Schröder mein, dass er Irak nicht angreifen will, nur um Sadam Hussein auszulöschen.

Er sagt jedoch, dass er in KEINEM Fall Truppen nach Irak schicken möchte, um hiermit alle Wähler anzusprechen, die grundsätzlich gegen einen Krieg sind.

Wenn Israel angegriffen werden sollte oder ein UN-Mandat vorliegt, würde er sagen, dass Deutschland natürlich seinen Freunden hilft, wenn diese Angegriffen werden.

Wenn das so zutrifft, wäre das meiner Meinung nach ein Betrug an den Wählern.
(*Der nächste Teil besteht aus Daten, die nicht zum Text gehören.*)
theorem theorem3p6:
  fixes H \<rho> :: "int \<Rightarrow> int \<Rightarrow> complex"
    and \<beta> T t :: real
    and c m \<omega> :: "'j \<Rightarrow> real"
    and r0 :: "int \<times> int" and sg :: "bool list" and \<tau>' :: "nat \<Rightarrow> real"
  assumes "hermitian2 H"
    and "T > 0" and "\<beta> > 0"
    and "\<forall>j. \<omega> j > 0"
    and "\<forall>\<tau>. eta_term \<beta> c m \<omega> \<tau> summable_on UNIV"
    and "continuous_on UNIV (eta_tilde \<beta> c m \<omega>)"
    and "t \<ge> 0"
    and "r0 \<in> spins \<times> spins"
    and "length sg \<ge> 1"
    and "\<tau>' \<in> closure (tsimplexR (length sg) T) - tsimplexR (length sg) T"
  shows "\<exists>l. ((\<lambda>\<tau>. Aamp H \<rho> (eta_tilde \<beta> c m \<omega>) T r0 sg t \<tau>) \<longlongrightarrow> l)
               (at \<tau>' within tsimplexR (length sg) T)"
proof -
  have "continuous (at \<tau>' within tsimplexR (length sg) T) (Aamp H \<rho> (eta_tilde \<beta> c m \<omega>) T r0 sg t)"
    using assms by (intro continuous_Aamp) auto
  then show ?thesis
    unfolding continuous_within by blast
qed

end
(* For every weak independence relation $\diamond$ on the analysis instance $\mathcal{D}$, and every sequence of transformers $\sigma\in\mathrm{runs}(\mathcal{D})$, there is a unique configuration $C$ of $\mathcal{U}_{\mathcal{D},\diamond}$ such that $\sigma\in\mathrm{inter}(C)$.
   Context: An analysis instance $\mathcal{D}=\langle D,\sqsubseteq,F,d_0\rangle$ consists of a lattice $\langle D,\sqsubseteq,\sqcup,\sqcap\rangle$ with least element $\bot$, a set $F$ of monotone, bottom-strict transformers, and an initial element $d_0$. A transformer $f$ is enabled at $d$ if $f(d)\neq\bot$. For $\sigma=f_1\ldots f_m$, $\mathrm{state}(\sigma)=(f_m\circ\cdots\circ f_1)(d_0)$; $\sigma$ is a run if $\mathrm{state}(\sigma)\neq\bot$ and $\mathrm{runs}(\mathcal{D})$ is the set of runs; $\mathrm{reach}(\mathcal{D})$ is the set of reachable elements. A relation $\diamond\subseteq F\times F$ is a weak independence if it is symmetric, irreflexive, and $f\diamond f'$ implies $f(f'(d))=f'(f(d))$ for every $d\in\mathrm{reach}(\mathcal{D})$. A labelled prime event structure (PES) is $\langle E,<,\#,h\rangle$ with $<$ a strict partial order with finite down-sets, $\#$ a symmetric irreflexive conflict relation inherited along $<$, and a labelling $h$. A configuration is a finite causally closed, conflict-free set of events. The interleavings $\mathrm{inter}(C)$ are the label sequences of the linearizations of $C$ respecting $<$. The state of $C$, $\mathrm{state}(C)$, is the greatest lower bound (meet) in $D$ of $\{\mathrm{state}(\sigma)\colon\sigma\in\mathrm{inter}(C)\}$. The unfolding $\mathcal{U}_{\mathcal{D},\diamond}$ is obtained by starting from the empty PES and repeatedly adding events $e=\langle f,C\rangle$, where $C$ is a configuration, $f$ is enabled at $\mathrm{state}(C)$ and $\neg(f\diamond h(e'))$ for every $<$-maximal $e'\in C$; one sets $e'<e$ for all $e'\in C$, $e'\# e$ for all other events $e'\notin C$ with $\neg(f\diamond h(e'))$, and $h(e)=f$; this is saturated until no new event can be added. *)

theory Defs
  imports Main "HOL-Library.FSet"
begin
lemma rho_sum_antipode_right:
  "bilinear_form \<Phi> \<Longrightarrow> sweedler (D' z) (\<lambda>a b. rho_sum (a * T b) \<Phi>) = e z * \<Phi> 1 1"
  using H'.antipode_right[OF lin_functional_rho_sum[OF _ lin_map_id]] rho_sum_one by simp

lemma rho_sum_antipode_left:
  "bilinear_form \<Phi> \<Longrightarrow> sweedler (D' z) (\<lambda>a b. rho_sum (T a * b) \<Phi>) = e z * \<Phi> 1 1"
  using H'.antipode_left[OF lin_functional_rho_sum[OF _ lin_map_id]] rho_sum_one by simp

lemma comult'_via_rho:
  assumes \<Phi>: "bilinear_form \<Phi>"
  shows "sweedler (D' x) \<Phi> = sweedler (D x) (\<lambda>a b. rho_sum b (\<lambda>h y. \<Phi> (a * h) y))"
proof -
  note L = lin_intros bilinear_form_comp[OF \<Phi>]
  have "sweedler (D' x) \<Phi> = sweedler (D x) (\<lambda>a' d. e a' * sweedler (D' d) \<Phi>)"
    by (subst H.counit_left) (auto intro!: L)
  also have "\<dots> = sweedler (D x) (\<lambda>a' d. sweedler (D a') (\<lambda>a c.
      sweedler (D' d) (\<lambda>p q. \<Phi> (a * S c * p) q)))"
    by (subst H.antipode_right) (auto intro!: L)
  also have "\<dots> = sweedler (D x) (\<lambda>a b. sweedler (D b) (\<lambda>c d.
      sweedler (D' d) (\<lambda>p q. \<Phi> (a * S c * p) q)))"
    by (subst H.coassoc) (auto intro!: L)
  also have "\<dots> = sweedler (D x) (\<lambda>a b. rho_sum b (\<lambda>h y. \<Phi> (a * h) y))"
    unfolding rho_sum_def by (simp add: mult.assoc)
  finally show ?thesis .
qed

lemma rho_comult:
  assumes \<Phi>: "trilinear_form \<Phi>"
  shows "rho_sum x (\<lambda>h y. sweedler (D y) (\<lambda>c d. \<Phi> h c d)) =
    sweedler (D x) (\<lambda>u v. rho_sum u (\<lambda>h1 a1. rho_sum v (\<lambda>h2 a2. \<Phi> (h1 * h2) a1 a2)))"
proof -
  note L = lin_intros trilinear_form_comp[OF \<Phi>]
  have "rho_sum x (\<lambda>h y. sweedler (D y) (\<lambda>c d. \<Phi> h c d)) =
    sweedler (D x) (\<lambda>a b. sweedler (D b) (\<lambda>u v. sweedler (D v) (\<lambda>y z. sweedler (D' u) (\<lambda>p q.
      sweedler (D' z) (\<lambda>r s. \<Phi> (S a * (p * S y * r)) q s)))))"
    unfolding rho_sum_def by (subst brace_compat_sweedler) (auto intro!: L)
  also have "\<dots> = sweedler (D x) (\<lambda>a' v. sweedler (D a') (\<lambda>a u. sweedler (D v) (\<lambda>y z.
      sweedler (D' u) (\<lambda>p q. sweedler (D' z) (\<lambda>r s. \<Phi> (S a * (p * S y * r)) q s)))))"
    by (subst H.coassoc) (auto intro!: L)
  also have "\<dots> = sweedler (D x) (\<lambda>a' v. sweedler (D a') (\<lambda>a u. sweedler (D' u) (\<lambda>p q.
      sweedler (D v) (\<lambda>y z. sweedler (D' z) (\<lambda>r s. \<Phi> (S a * p * (S y * r)) q s)))))"
    by (subst (2) sweedler_commute) (simp add: ac_simps)
  also have "\<dots> = sweedler (D x) (\<lambda>u v. rho_sum u (\<lambda>h1 a1. rho_sum v (\<lambda>h2 a2. \<Phi> (h1 * h2) a1 a2)))"
    unfolding rho_sum_def by (rule refl)
  finally show ?thesis .
qed

lemma comult'_antipode_left:
  "bilinear_form \<Phi> \<Longrightarrow> sweedler (D x) (\<lambda>a b. sweedler (D' (S a * b)) \<Phi>) = e x * \<Phi> 1 1"
  using H.antipode_left[OF H'.lin_functional_sweedler_comult[OF _ lin_map_id]] H'.comult_one by simp

text \<open>Coassociativity of \<open>\<rho>\<close> multiplied by \<open>\<Delta>'(x_1)\<close>: since \<open>x_1 \<rho>(x_2) = \<Delta>'(x)\<close>
  (\<open>comult'_via_rho\<close>), in this form it is the coassociativity of \<open>\<Delta>'\<close>.\<close>

lemma rho_coassoc_twisted:
  assumes \<Phi>: "trilinear_form \<Phi>"
  shows "sweedler (D x) (\<lambda>u v. sweedler (D' u) (\<lambda>p q. rho_sum v (\<lambda>h y.
      sweedler (D' h) (\<lambda>c d. \<Phi> (p * c) (q * d) y)))) =
    sweedler (D x) (\<lambda>u v. sweedler (D' u) (\<lambda>p q. rho_sum v (\<lambda>h' s.
      rho_sum s (\<lambda>h y. \<Phi> (p * h') (q * h) y))))"
proof -
  note L = lin_intros trilinear_form_comp[OF \<Phi>]
  have "sweedler (D x) (\<lambda>u v. sweedler (D' u) (\<lambda>p q. rho_sum v (\<lambda>h y.
      sweedler (D' h) (\<lambda>c d. \<Phi> (p * c) (q * d) y)))) =
    sweedler (D x) (\<lambda>u v. rho_sum v (\<lambda>h y. sweedler (D' u) (\<lambda>p q.
      sweedler (D' h) (\<lambda>c d. \<Phi> (p * c) (q * d) y))))"
    by (subst rho_sum_commute) (rule refl)
  also have "\<dots> = sweedler (D x) (\<lambda>u v. rho_sum v (\<lambda>h y. sweedler (D' (u * h)) (\<lambda>c d. \<Phi> c d y)))"
    by (subst H'.comult_mult) (auto intro!: L)
  also have "\<dots> = sweedler (D' x) (\<lambda>a b. sweedler (D' a) (\<lambda>c d. \<Phi> c d b))"
    by (subst comult'_via_rho) (auto intro!: L)
  also have "\<dots> = sweedler (D' x) (\<lambda>a b. sweedler (D' b) (\<lambda>c d. \<Phi> a c d))"
    by (subst H'.coassoc) (auto intro!: L)
  also have "\<dots> = sweedler (D' x) (\<lambda>a b. sweedler (D b) (\<lambda>b1 b2.
      rho_sum b2 (\<lambda>h y. \<Phi> a (b1 * h) y)))"
    by (subst comult'_via_rho) (auto intro!: L)
  also have "\<dots> = sweedler (D x) (\<lambda>u v. sweedler (D v) (\<lambda>w z. sweedler (D' u) (\<lambda>p q.
      sweedler (D' z) (\<lambda>r s. rho_sum s (\<lambda>h y. \<Phi> (p * S w * r) (q * h) y)))))"
    by (subst brace_compat_sweedler) (auto intro!: L)
  also have "\<dots> = sweedler (D x) (\<lambda>u v. sweedler (D' u) (\<lambda>p q. sweedler (D v) (\<lambda>w z.
      sweedler (D' z) (\<lambda>r s. rho_sum s (\<lambda>h y. \<Phi> (p * (S w * r)) (q * h) y)))))"
    by (subst sweedler_commute) (simp add: mult.assoc)
  also have "\<dots> = sweedler (D x) (\<lambda>u v. sweedler (D' u) (\<lambda>p q. rho_sum v (\<lambda>h' s.
      rho_sum s (\<lambda>h y. \<Phi> (p * h') (q * h) y))))"
    by (simp only: rho_sum_def)
  finally show ?thesis .
qed

text \<open>Untwisting: \<open>x = e(x_1) x_2\<close> and \<open>e(x_1) 1 \<otimes> 1 = \<Delta>'(S(x_11)) \<Delta>'(x_12)\<close>.\<close>

lemma expand_by_comult'_antipode:
  assumes R: "\<And>\<Psi>. trilinear_form \<Psi> \<Longrightarrow> lin_functional (\<lambda>v. R v \<Psi>)"
    and R_param: "\<And>v \<Psi>. (\<And>c d y. lin_functional (\<lambda>z. \<Psi> z c d y)) \<Longrightarrow>
      lin_functional (\<lambda>z. R v (\<Psi> z))"
    and \<Phi>: "trilinear_form \<Phi>"
  shows "R x \<Phi> = sweedler (D x) (\<lambda>a1 b'. sweedler (D' (S a1)) (\<lambda>p1 q1. sweedler (D b') (\<lambda>a2 b.
    sweedler (D' a2) (\<lambda>p2 q2. R b (\<lambda>c d y. \<Phi> (p1 * (p2 * c)) (q1 * (q2 * d)) y)))))"
proof -
  note L = lin_intros trilinear_form_comp[OF \<Phi>]
  have "R x \<Phi> = sweedler (D x) (\<lambda>a b. e a * R b \<Phi>)"
    by (subst H.counit_left) (auto intro!: L R)
  also have "\<dots> = sweedler (D x) (\<lambda>a b. sweedler (D a) (\<lambda>a1 a2.
      sweedler (D' (S a1 * a2)) (\<lambda>p q. R b (\<lambda>c d y. \<Phi> (p * c) (q * d) y))))"
    by (subst comult'_antipode_left) (auto intro!: L R_param)
  also have "\<dots> = sweedler (D x) (\<lambda>a b. sweedler (D a) (\<lambda>a1 a2. sweedler (D' (S a1)) (\<lambda>p1 q1.
      sweedler (D' a2) (\<lambda>p2 q2. R b (\<lambda>c d y. \<Phi> (p1 * p2 * c) (q1 * q2 * d) y)))))"
    by (subst H'.comult_mult) (auto intro!: L R_param)
  also have "\<dots> = sweedler (D x) (\<lambda>a1 b'. sweedler (D b') (\<lambda>a2 b. sweedler (D' (S a1)) (\<lambda>p1 q1.
      sweedler (D' a2) (\<lambda>p2 q2. R b (\<lambda>c d y. \<Phi> (p1 * p2 * c) (q1 * q2 * d) y)))))"
    by (subst H.coassoc) (auto intro!: L R R_param)
  also have "\<dots> = sweedler (D x) (\<lambda>a1 b'. sweedler (D' (S a1)) (\<lambda>p1 q1. sweedler (D b') (\<lambda>a2 b.
      sweedler (D' a2) (\<lambda>p2 q2. R b (\<lambda>c d y. \<Phi> (p1 * (p2 * c)) (q1 * (q2 * d)) y)))))"
    by (subst sweedler_commute) (simp add: mult.assoc)
  finally show ?thesis .
qed
lemma peval_sum:
  assumes "complex_alg emb"
  shows "peval emb p (\<Sum>k\<in>K. g k) = (\<Sum>k\<in>K. peval emb p (g k))"
proof (induction K rule: infinite_finite_induct)
  case (insert k K)
  then show ?case by (simp add: peval_add[OF assms])
qed (simp_all add: peval_def)

lemma peval_single:
  assumes "complex_alg emb"
  shows "peval emb p (Poly_Mapping.single m c) = emb c * eval_monomial p m"
  by (subst peval_eq_sum_superset[OF assms, of "{m}"]) auto

lemma eval_monomial_add: "eval_monomial p (m + k) = eval_monomial p m * eval_monomial p k"
proof -
  let ?S = "Poly_Mapping.keys m \<union> Poly_Mapping.keys k"
  have on_S: "eval_monomial p q = (\<Prod>v\<in>?S. p v ^ Poly_Mapping.lookup q v)"
    if "Poly_Mapping.keys q \<subseteq> ?S" for q
    unfolding eval_monomial_def
    by (rule prod.mono_neutral_left) (use that in \<open>auto simp: in_keys_iff\<close>)
  have "eval_monomial p (m + k) = (\<Prod>v\<in>?S. p v ^ Poly_Mapping.lookup (m + k) v)"
    by (rule on_S) (auto simp: keys_add)
  also have "\<dots> = (\<Prod>v\<in>?S. p v ^ Poly_Mapping.lookup m v) * (\<Prod>v\<in>?S. p v ^ Poly_Mapping.lookup k v)"
    by (simp add: lookup_add power_add prod.distrib)
  also have "\<dots> = eval_monomial p m * eval_monomial p k"
    by (subst (1 2) on_S) auto
  finally show ?thesis .
qed

lemma poly_mapping_sum_single:
  "f = (\<Sum>m\<in>Poly_Mapping.keys f. Poly_Mapping.single m (Poly_Mapping.lookup f m))"
  by (rule poly_mapping_eqI) (auto simp: lookup_sum lookup_single when_def in_keys_iff)

lemma var_power: "var x ^ N = Poly_Mapping.single (Poly_Mapping.single x N) 1"
proof (induction N)
  case 0
  then show ?case by (simp add: var_def)
next
  case (Suc N)
  have "Poly_Mapping.single x 1 + Poly_Mapping.single x N = Poly_Mapping.single x (Suc N)"
    by (simp add: single_add[symmetric])
  with Suc show ?case by (simp add: var_def mult_single)
qed
(* Let $V^{2n}$ be a real vector space with $J\in\mathrm{Aut}(V)$, $J^2=-I$, and a positive definite inner product $(\,,\,)$ for which $J$ is an isometry. Let $\mathbb{L}^p$, $p\geq 2$, be a real vector space with a Lorentzian inner product $\langle\,,\,\rangle$, let $\alpha\colon V^{2n}\times V^{2n}\to\mathbb{L}^p$ be a symmetric bilinear form, and suppose there is a light-like vector $w\in\mathbb{L}^p$ with $\langle\alpha(X,Y),w\rangle=-(X,Y)$ for all $X,Y\in V^{2n}$. Let $\beta\colon V^{2n}\times V^{2n}\to W^{p,p}$ be the associated form (see context), assume $\beta$ is flat and that $\mathcal{S}(\beta)$ is degenerate, and let $v\in U_0^s$ be a light-like vector with $\mathcal{S}(\beta)\cap\mathcal{S}(\beta)^\perp=\mathrm{span}\{v\}\oplus\mathrm{span}\{v\}$. Then $L=\mathrm{span}\{v,w\}\subset\mathbb{L}^p$ is a Lorentzian plane. Moreover, normalizing $v$ so that $\langle v,w\rangle=-1$ and setting $\beta_1=\pi_{L^\perp\times L^\perp}\circ\beta$, we have $$\beta(X,Y)=\beta_1(X,Y)+2\big((X,Y)v,(X,JY)v\big)\quad\text{for all }X,Y\in V^{2n}.$$ Furthermore, if $s\leq n$ then $\dim\mathcal{N}(\beta_1)\geq 2n-2s+2$.
   Context: $W^{p,p}=\mathbb{L}^p\oplus\mathbb{L}^p$ carries the inner product $\langle\!\langle(\xi,\bar\xi),(\eta,\bar\eta)\rangle\!\rangle=\langle\xi,\eta\rangle-\langle\bar\xi,\bar\eta\rangle$. The associated form is $\beta(X,Y)=(\alpha(X,Y)+\alpha(JX,JY),\ \alpha(X,JY)-\alpha(JX,Y))$. $\beta$ is flat if $\langle\!\langle\beta(X,Y),\beta(Z,T)\rangle\!\rangle-\langle\!\langle\beta(X,T),\beta(Z,Y)\rangle\!\rangle=0$ for all $X,Y,Z,T$. $\mathcal{S}(\beta)=\mathrm{span}\{\beta(X,Y):X,Y\in V\}$; a subspace $S$ of $W^{p,p}$ is degenerate if $S\cap S^\perp\neq 0$ ($\perp$ w.r.t. $\langle\!\langle\,,\,\rangle\!\rangle$). $U_0^s=\pi_1(\mathcal{S}(\beta))\subset\mathbb{L}^p$ is the projection of $\mathcal{S}(\beta)$ onto the first factor and $s=\dim U_0^s$ (it is known that $\mathcal S(\beta)=U_0^s\oplus U_0^s$ and that, when $\mathcal S(\beta)$ is degenerate, a light-like $v$ as in the claim exists). $\pi_{L^\perp\times L^\perp}$ is the orthogonal projection of $W^{p,p}$ onto $L^\perp\oplus L^\perp$ (componentwise orthogonal projection onto $L^\perp\subset\mathbb{L}^p$). For a bilinear form $\theta$, $\mathcal{N}(\theta)=\{Y:\theta(X,Y)=0\ \forall X\}$ is its right kernel. *)

theory Defs
  imports "HOL-Analysis.Analysis"
begin

text \<open>A (possibly indefinite) symmetric form g restricted to a set L is Lorentzian:
  symmetric, nondegenerate on L, and there is a time-like e in L whose g-orthogonal
  complement in L is space-like (i.e. the index of g on L is exactly 1).\<close>
definition lorentzian_on :: "('l::real_vector \<Rightarrow> 'l \<Rightarrow> real) \<Rightarrow> 'l set \<Rightarrow> bool" where
  "lorentzian_on g L \<longleftrightarrow>
     (\<forall>x\<in>L. \<forall>y\<in>L. g x y = g y x) \<and>
     (\<forall>x\<in>L. (\<forall>y\<in>L. g x y = 0) \<longrightarrow> x = 0) \<and>
     (\<exists>e\<in>L. g e e < 0 \<and> (\<forall>x\<in>L. g x e = 0 \<longrightarrow> g x x \<ge> 0))"

definition lorentzian :: "('l::real_vector \<Rightarrow> 'l \<Rightarrow> real) \<Rightarrow> bool" where
  "lorentzian g \<longleftrightarrow> bilinear g \<and> lorentzian_on g UNIV"

definition lorentzian_plane :: "('l::real_vector \<Rightarrow> 'l \<Rightarrow> real) \<Rightarrow> 'l set \<Rightarrow> bool" where
  "lorentzian_plane g L \<longleftrightarrow> subspace L \<and> dim L = 2 \<and> lorentzian_on g L"

definition wform :: "('l \<Rightarrow> 'l \<Rightarrow> real) \<Rightarrow> 'l \<times> 'l \<Rightarrow> 'l \<times> 'l \<Rightarrow> real" where
  "wform g a b = g (fst a) (fst b) - g (snd a) (snd b)"

definition assoc_form :: "('v \<Rightarrow> 'v) \<Rightarrow> ('v \<Rightarrow> 'v \<Rightarrow> 'l::real_vector) \<Rightarrow> 'v \<Rightarrow> 'v \<Rightarrow> 'l \<times> 'l" where
  "assoc_form J \<alpha> X Y = (\<alpha> X Y + \<alpha> (J X) (J Y), \<alpha> X (J Y) - \<alpha> (J X) Y)"

definition flat_form :: "('w \<Rightarrow> 'w \<Rightarrow> real) \<Rightarrow> ('v \<Rightarrow> 'v \<Rightarrow> 'w) \<Rightarrow> bool" where
  "flat_form G \<beta> \<longleftrightarrow>
     (\<forall>X Y Z T. G (\<beta> X Y) (\<beta> Z T) - G (\<beta> X T) (\<beta> Z Y) = 0)"

definition form_span :: "('v \<Rightarrow> 'v \<Rightarrow> 'w::real_vector) \<Rightarrow> 'w set" where
  "form_span \<beta> = span {\<beta> X Y | X Y. True}"

definition gperp :: "('w \<Rightarrow> 'w \<Rightarrow> real) \<Rightarrow> 'w set \<Rightarrow> 'w set" where
  "gperp G S = {u. \<forall>x\<in>S. G u x = 0}"

definition degenerate_subspace :: "('w::real_vector \<Rightarrow> 'w \<Rightarrow> real) \<Rightarrow> 'w set \<Rightarrow> bool" where
  "degenerate_subspace G S \<longleftrightarrow> S \<inter> gperp G S \<noteq> {0}"

definition gproj :: "('l::real_vector \<Rightarrow> 'l \<Rightarrow> real) \<Rightarrow> 'l set \<Rightarrow> 'l \<Rightarrow> 'l" where
  "gproj g U x = (THE y. y \<in> U \<and> (\<forall>u\<in>U. g (x - y) u = 0))"

definition right_kernel :: "('v \<Rightarrow> 'v \<Rightarrow> 'w::zero) \<Rightarrow> 'v set" where
  "right_kernel \<theta> = {Y. \<forall>X. \<theta> X Y = 0}"

end

theory Submission
  imports Defs
begin

text \<open>Since \<open>v\<close> is orthogonal to \<open>\<S>(\<beta>)\<close> while \<open>\<langle>\<beta>(X,X), w\<rangle> = -2|X|\<^sup>2\<close>,
  the null vectors \<open>v\<close> and \<open>w\<close> are not orthogonal and hence span a Lorentzian plane \<open>L\<close>.
  After normalising \<open>\<langle>v,w\<rangle> = -1\<close> the projection onto \<open>L\<^sup>\<perp>\<close> is
  \<open>x \<mapsto> x + \<langle>x,w\<rangle>v + \<langle>x,v\<rangle>w\<close>, which gives the decomposition of \<open>\<beta>\<close>.
  The form \<open>\<beta>\<^sub>1\<close> is again flat, takes values in the positive definite space
  \<open>L\<^sup>\<perp>\<close>, and its two components are symmetric and skew. For such a form the kernel
  of \<open>\<beta>\<^sub>1(X\<^sub>0,-)\<close>, with \<open>X\<^sub>0\<close> of maximal rank, lies in \<open>\<N>(\<beta>\<^sub>1)\<close>: by maximality
  \<open>\<beta>\<^sub>1(Y,Y)\<close> lies in the image of \<open>\<beta>\<^sub>1(X\<^sub>0,-)\<close>, to which flatness makes it
  orthogonal. The image of \<open>\<beta>\<^sub>1(X\<^sub>0,-)\<close> has dimension at most \<open>2(s-1)\<close>, because the
  projection kills \<open>v \<in> U\<^sub>0\<^sup>s\<close>, and rank-nullity gives the bound on \<open>\<N>(\<beta>\<^sub>1)\<close>.\<close>

lemma dim_le_dim_kernel_add_dim_range:
  fixes f :: "'a::euclidean_space \<Rightarrow> 'b::euclidean_space"
  assumes f: "linear f"
  shows "DIM('a) \<le> dim {x. f x = 0} + dim (range f)"
proof -
  obtain h where h: "linear h" "\<And>y. y \<in> range f \<Longrightarrow> f (h y) = y"
    using linear_exists_right_inverse_on[OF f subspace_UNIV] by auto
  let ?K = "{x. f x = 0}" and ?H = "h ` range f"
  have sub: "subspace ?K" "subspace ?H"
    by (rule linear_subspace_kernel[OF f])
      (rule linear_subspace_image[OF h(1) linear_subspace_image[OF f subspace_UNIV]])
  have "UNIV \<subseteq> {a + b |a b. a \<in> ?K \<and> b \<in> ?H}"
  proof
    fix x :: 'a
    have "f (x - h (f x)) = 0" using h(2)[of "f x"] f by (simp add: linear_diff)
    then show "x \<in> {a + b |a b. a \<in> ?K \<and> b \<in> ?H}"
      by (intro CollectI exI[of _ "x - h (f x)"] exI[of _ "h (f x)"]) auto
  qed
  from dim_subset[OF this] have "DIM('a) \<le> dim {a + b |a b. a \<in> ?K \<and> b \<in> ?H}"
    by simp
  also have "\<dots> \<le> dim ?K + dim ?H"
    using dim_sums_Int[OF sub] by linarith
  also have "\<dots> \<le> dim ?K + dim (range f)"
    using dim_image_le[OF h(1)] by simp
  finally show ?thesis .
qed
Die CDU/CSU hat hier eine wesentlich vernünftigere Außenpolitik, die nicht im Vorfeld Optionen ausschließt und auch auf einem gemeinsamen Weg mit der EU ziehlt. Auch die CDU/CSU will keinen Krieg - jedoch werden hier die Wähler auch nicht angelogen, dass es im Extremfall zu kriegerischen Maßnahmen kommen kann ob nun direkt oder indirekt.
Er würde genau das sagen, was er seit Anfang an versucht klar zu machen: Er will erzwingen, dass die Waffeninspekteure ihre Arbeit im Irak wieder aufnehmen können. Er will jedoch keine davon unabhängige, militärische Abenteuer eingehen.
Aussenpolitisch ist das ein Desaster: Schröders Aussagen bedueten schlichtweg nur eines. Nämlich das er, weil er seine Haut retten will, bereit ist, seine Freunde im Stich zu lassen. Nicht umsonst spricht man von uns Deutschen schon als "German Sissies". :(
@someone:

Echt? Schröder ist für eine Beteiligung der Bundeswehr an militärischen Angriffen auf den Irak, sofern diese der Durchsetzung von Waffeninspektionen dienen?

Halte ich für eine vernünftige Position. Habe sie nur so noch nie von ihm gehört.
Thierri,
warum diese Wortverdrehereien?
Ich denke Du hast unter anderem `das Duell` gesehen.
Schröder sagte sehr deutlich: Deutschland wird sich nicht an einem Krieg der USA beteiligen, dessen Ziel es ist, Saddam Hussein zu stürzen.
Deutschland fühlt sich durch die UN gebunden. Militärischen Druck auf Irak auszuüben, um Inspektoren ins Land zu bekommen, hat er explizit befürwortet.
Nochmal: Kein Krieg aus dem Antrieb, Saddam zu beseitigen.
Es wird ein Krieg abgelehnt, der aus diesem Antrieb heraus geführt wird. Keine Beteiligung an einem Krieg zur Veränderung einer politischen Konstellation.

Eine Unterstützung der UN zur Durchsetzung der Resolutionen wurde klar zugesagt.

Ist das schon zu kompliziert?
04092002 Bild.de

US-Botschafter kritisiert Deutschland

Der US-Botschafter in Deutschland, Daniel Coats, hat vor einer Verschlechterung der Beziehungen zwischen Deutschland und den USA gewarnt. Grund: Die ablehnende Haltung der Bundesrepublik zu einem möglichen Krieg gegen den Irak.

Deutschland drohe sich mit seiner Position außerdem in der Europäischen Union zu isolieren, sagte Coats.
Thierri,
Du schreibst:"Nicht umsonst spricht man von uns Deutschen schon als "German Sissies". "

Wenn Du meinst, Außenpolitik sollte nach dem Gesichtspunkt gemacht werden, daß man nachher als Held dasteht, der sich was getraut hat. Wenn Du meinst, Außenpolitik wäre das richtige Feld, um zu zeigen, `wer den Größten` hat,
dann frag` mal bei der FDP, ob sie Dich wirklich als Mitglied haben wollen.
Genscher würde Dich dafür ohrfeigen. Garantiert!
Mann, ziehe diese Partei nicht so in den Dreck, indem Du Dich ständig in ihre Nähe rückst!
Ihr Verbrecher! Lebenslanger Knast steht euch zu! Hier geht`s nicht darum, Freunde im Stich zu lassen, sondern sich an einem Verbrechen nicht zu beteiligen. Ihr glaubt doch nicht wirklich, dass Bush vorhat, eine irakische Demokratie oder Republik zu errichten. Es gibt etliche Staaten, in denen es schlimmer aussieht. Es geht nur um Öl und darum von anderen Problemen abzulenken. Und Schröder ist nicht mehr bereit, sich in die Riege dieser Kriegsverbrecher einzureihen. Wer Krieg fordert, fordert den Tod unzähliger Menschen. Und das ist nicht notwendig.
Ihr fordert einen Krieg - für mich seid ihr Verbrecher.
gletscher,
daß Coats verlauten läßt "Deutschland drohe sich mit seiner Position außerdem in der Europäischen Union zu isolieren, sagte Coats.", ist seine Aufgabe.

Momentan vertritt jedoch ausschließlich Großbrittannien einen ähnlichen Standpunkt wie die USA.